***** THE DATA *****

(* Let $0<\alpha<1$, $m>1$, and let $a=\alpha/m$, $b=B=\alpha$, $A=1-\frac{m-1}{m}\alpha$, $F(z,s)=(m+1)\big(B(1-s)+(A+B)(z-s)\big)$ and $$K(z,u)=\frac{1}{\Gamma(1-\alpha)}\int_{\left(\frac{1-z}{1-u}\right)^{1/b}}^{1} F\big(z,\,1-s^{b}(1-u)\big)\,(1-s)^{-\alpha}\,s^{a+b}\,ds,\qquad 0\le u\le z<1 .$$ Then for every $X\in(0,1)$ there exist constants $0<K_-\le K_+$ (depending on $\alpha,m,X$) such that $$K_-\,(z-u)^{1-\alpha}\le K(z,u)\le K_+\,(z-u)^{1-\alpha}\qquad\text{for all } 0\le u\le z\le X .$$
   Context: This is the kernel of the Volterra equation $y(z)^{m+1}=\int_0^z K(z,u)y(u)\,du$ to which self-similar solutions $u(x,t)=t^{a}U(xt^{-b})$ of $\partial_t^\alpha u=(u^mu_x)_x$ with the Robin condition $u^mu_x(0,t)=-u(0,t)$ reduce. *)

theory Defs
  imports "HOL-Analysis.Analysis"
begin

definition par_a :: "real \<Rightarrow> real \<Rightarrow> real" where
  "par_a \<alpha> m = \<alpha> / m"

definition par_b :: "real \<Rightarrow> real \<Rightarrow> real" where
  "par_b \<alpha> m = \<alpha>"

definition par_A :: "real \<Rightarrow> real \<Rightarrow> real" where
  "par_A \<alpha> m = 1 - (m - 1) / m * \<alpha>"

definition par_B :: "real \<Rightarrow> real \<Rightarrow> real" where
  "par_B \<alpha> m = \<alpha>"

definition kerF :: "real \<Rightarrow> real \<Rightarrow> real \<Rightarrow> real \<Rightarrow> real" where
  "kerF \<alpha> m z s = (m + 1) * (par_B \<alpha> m * (1 - s) + (par_A \<alpha> m + par_B \<alpha> m) * (z - s))"

text \<open>The Volterra kernel K(z,u), for 0 <= u <= z < 1. The integral is the
  (Henstock-Kurzweil) integral over the interval from ((1-z)/(1-u))^(1/b) to 1;
  the integrand is absolutely integrable there.\<close>

definition kernelK :: "real \<Rightarrow> real \<Rightarrow> real \<Rightarrow> real \<Rightarrow> real" where
  "kernelK \<alpha> m z u =
     (1 / Gamma (1 - \<alpha>)) *
     integral {((1 - z) / (1 - u)) powr (1 / par_b \<alpha> m) .. 1}
       (\<lambda>s. kerF \<alpha> m z (1 - s powr (par_b \<alpha> m) * (1 - u)) * (1 - s) powr (- \<alpha>)
             * s powr (par_a \<alpha> m + par_b \<alpha> m))"

end

theory Submission
  imports Defs
begin

(* With s0 = ((1-z)/(1-u)) powr (1/\<alpha>) the lower limit of integration, the integrand of K(z,u)
   is w(s) (1-s) powr (-\<alpha>), where the weight w(s) = F(z, 1 - s powr b (1-u)) s powr (a+b) is
   bounded between two positive constants on [s0, 1] as long as z \<le> X < 1. Hence K(z,u) is
   comparable to the integral of (1-s) powr (-\<alpha>) over [s0, 1], which is
   (1-s0) powr (1-\<alpha>) / (1-\<alpha>); and 1 - s0 lies between z - u and (z-u) / (\<alpha> (1-X)). *)

definition kernel_lower_limit :: "real \<Rightarrow> real \<Rightarrow> real \<Rightarrow> real \<Rightarrow> real" where
  "kernel_lower_limit \<alpha> m z u = ((1 - z) / (1 - u)) powr (1 / par_b \<alpha> m)"

definition kernel_weight :: "real \<Rightarrow> real \<Rightarrow> real \<Rightarrow> real \<Rightarrow> real \<Rightarrow> real" where
  "kernel_weight \<alpha> m z u s =
     kerF \<alpha> m z (1 - s powr par_b \<alpha> m * (1 - u)) * s powr (par_a \<alpha> m + par_b \<alpha> m)"

definition kernel_weight_lower :: "real \<Rightarrow> real \<Rightarrow> real \<Rightarrow> real" where
  "kernel_weight_lower \<alpha> m X =
     (m + 1) * \<alpha> * (1 - X) * ((1 - X) powr (1 / \<alpha>)) powr (par_a \<alpha> m + par_b \<alpha> m)"

definition kernel_weight_upper :: "real \<Rightarrow> real \<Rightarrow> real" where
  "kernel_weight_upper \<alpha> m = (m + 1) * (2 * \<alpha> + par_A \<alpha> m)"

lemma kernelK_eq_integral_kernel_weight:
  "kernelK \<alpha> m z u = integral {kernel_lower_limit \<alpha> m z u..1}
     (\<lambda>s. kernel_weight \<alpha> m z u s * (1 - s) powr (- \<alpha>)) / Gamma (1 - \<alpha>)"
  unfolding kernelK_def kernel_lower_limit_def kernel_weight_def by (simp add: mult_ac)

lemma kernel_integrand_borel_measurable:
  "(\<lambda>s. kernel_weight \<alpha> m z u s * (1 - s) powr (- \<alpha>)) \<in> borel_measurable (lebesgue_on S)"
proof -
  have "(\<lambda>s. kernel_weight \<alpha> m z u s * (1 - s) powr (- \<alpha>)) \<in> borel_measurable borel"
    unfolding kernel_weight_def kerF_def by measurable
  from measurable_compose[OF id_borel_measurable_lebesgue_on this] show ?thesis by simp
qed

*****

DIRECTIONS: Across all of the material above, how many lines contain the word "there"? Only the number should be given.

YOUR SOLUTION: 2